** YOUR INSTRUCTIONS **
Write out the whole listing below so that every line matches exactly.

** RAW DATA **

lemma nondegenerate_right:
  assumes "e \<in> S" "e' \<in> S" "\<And>t. t \<in> S \<Longrightarrow> \<phi> (t * e) = \<phi> (t * e')"
  shows "e = e'"
proof -
  have "e = (\<Sum>i<n. x i * \<iota> (\<phi> (y i * e)))" using expand_left[OF assms(1)] by simp
  also have "\<dots> = (\<Sum>i<n. x i * \<iota> (\<phi> (y i * e')))" by (simp add: assms(3) y_mem)
  also have "\<dots> = e'" using expand_left[OF assms(2)] .
  finally show ?thesis .
qed

abbreviation nakayama :: "'a \<Rightarrow> 'a" where "nakayama \<equiv> nakayama_on S \<phi>"

lemma nakayama_exists:
  assumes a: "a \<in> S"
  shows "\<exists>!e. e \<in> S \<and> (\<forall>t\<in>S. \<phi> (e * t) = \<phi> (t * a))"
proof (rule ex1I)
  let ?e = "\<Sum>i<n. \<iota> (\<phi> (x i * a)) * y i"
  have e: "?e \<in> S" "\<And>t. t \<in> S \<Longrightarrow> \<phi> (?e * t) = \<phi> (t * a)"
    using represent_functional_left[OF k_linear_on_phi_mult_right[OF a]]
    by (auto intro!: sum_mem mult_mem iota_mem y_mem)
  then show "?e \<in> S \<and> (\<forall>t\<in>S. \<phi> (?e * t) = \<phi> (t * a))" by blast
  show "e = ?e" if "e \<in> S \<and> (\<forall>t\<in>S. \<phi> (e * t) = \<phi> (t * a))" for e
    using that e by (intro nondegenerate_left[of e ?e]) auto
qed

lemma nakayama_mem: "a \<in> S \<Longrightarrow> nakayama a \<in> S"
  and nakayama_phi: "a \<in> S \<Longrightarrow> t \<in> S \<Longrightarrow> \<phi> (nakayama a * t) = \<phi> (t * a)"
  using theI'[OF nakayama_exists] unfolding nakayama_on_def by auto

lemma nakayama_eqI:
  "a \<in> S \<Longrightarrow> e \<in> S \<Longrightarrow> (\<And>t. t \<in> S \<Longrightarrow> \<phi> (e * t) = \<phi> (t * a)) \<Longrightarrow> nakayama a = e"
  by (rule nondegenerate_left) (auto simp: nakayama_mem nakayama_phi)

** SOLUTION BELOW **
lemma nondegenerate_right:
  assumes "e \<in> S" "e' \<in> S" "\<And>t. t \<in> S \<Longrightarrow> \<phi> (t * e) = \<phi> (t * e')"
  shows "e = e'"
proof -
  have "e = (\<Sum>i<n. x i * \<iota> (\<phi> (y i * e)))" using expand_left[OF assms(1)] by simp
  also have "\<dots> = (\<Sum>i<n. x i * \<iota> (\<phi> (y i * e')))" by (simp add: assms(3) y_mem)
  also have "\<dots> = e'" using expand_left[OF assms(2)] .
  finally show ?thesis .
qed

abbreviation nakayama :: "'a \<Rightarrow> 'a" where "nakayama \<equiv> nakayama_on S \<phi>"

lemma nakayama_exists:
  assumes a: "a \<in> S"
  shows "\<exists>!e. e \<in> S \<and> (\<forall>t\<in>S. \<phi> (e * t) = \<phi> (t * a))"
proof (rule ex1I)
  let ?e = "\<Sum>i<n. \<iota> (\<phi> (x i * a)) * y i"
  have e: "?e \<in> S" "\<And>t. t \<in> S \<Longrightarrow> \<phi> (?e * t) = \<phi> (t * a)"
    using represent_functional_left[OF k_linear_on_phi_mult_right[OF a]]
    by (auto intro!: sum_mem mult_mem iota_mem y_mem)
  then show "?e \<in> S \<and> (\<forall>t\<in>S. \<phi> (?e * t) = \<phi> (t * a))" by blast
  show "e = ?e" if "e \<in> S \<and> (\<forall>t\<in>S. \<phi> (e * t) = \<phi> (t * a))" for e
    using that e by (intro nondegenerate_left[of e ?e]) auto
qed

lemma nakayama_mem: "a \<in> S \<Longrightarrow> nakayama a \<in> S"
  and nakayama_phi: "a \<in> S \<Longrightarrow> t \<in> S \<Longrightarrow> \<phi> (nakayama a * t) = \<phi> (t * a)"
  using theI'[OF nakayama_exists] unfolding nakayama_on_def by auto

lemma nakayama_eqI:
  "a \<in> S \<Longrightarrow> e \<in> S \<Longrightarrow> (\<And>t. t \<in> S \<Longrightarrow> \<phi> (e * t) = \<phi> (t * a)) \<Longrightarrow> nakayama a = e"
  by (rule nondegenerate_left) (auto simp: nakayama_mem nakayama_phi)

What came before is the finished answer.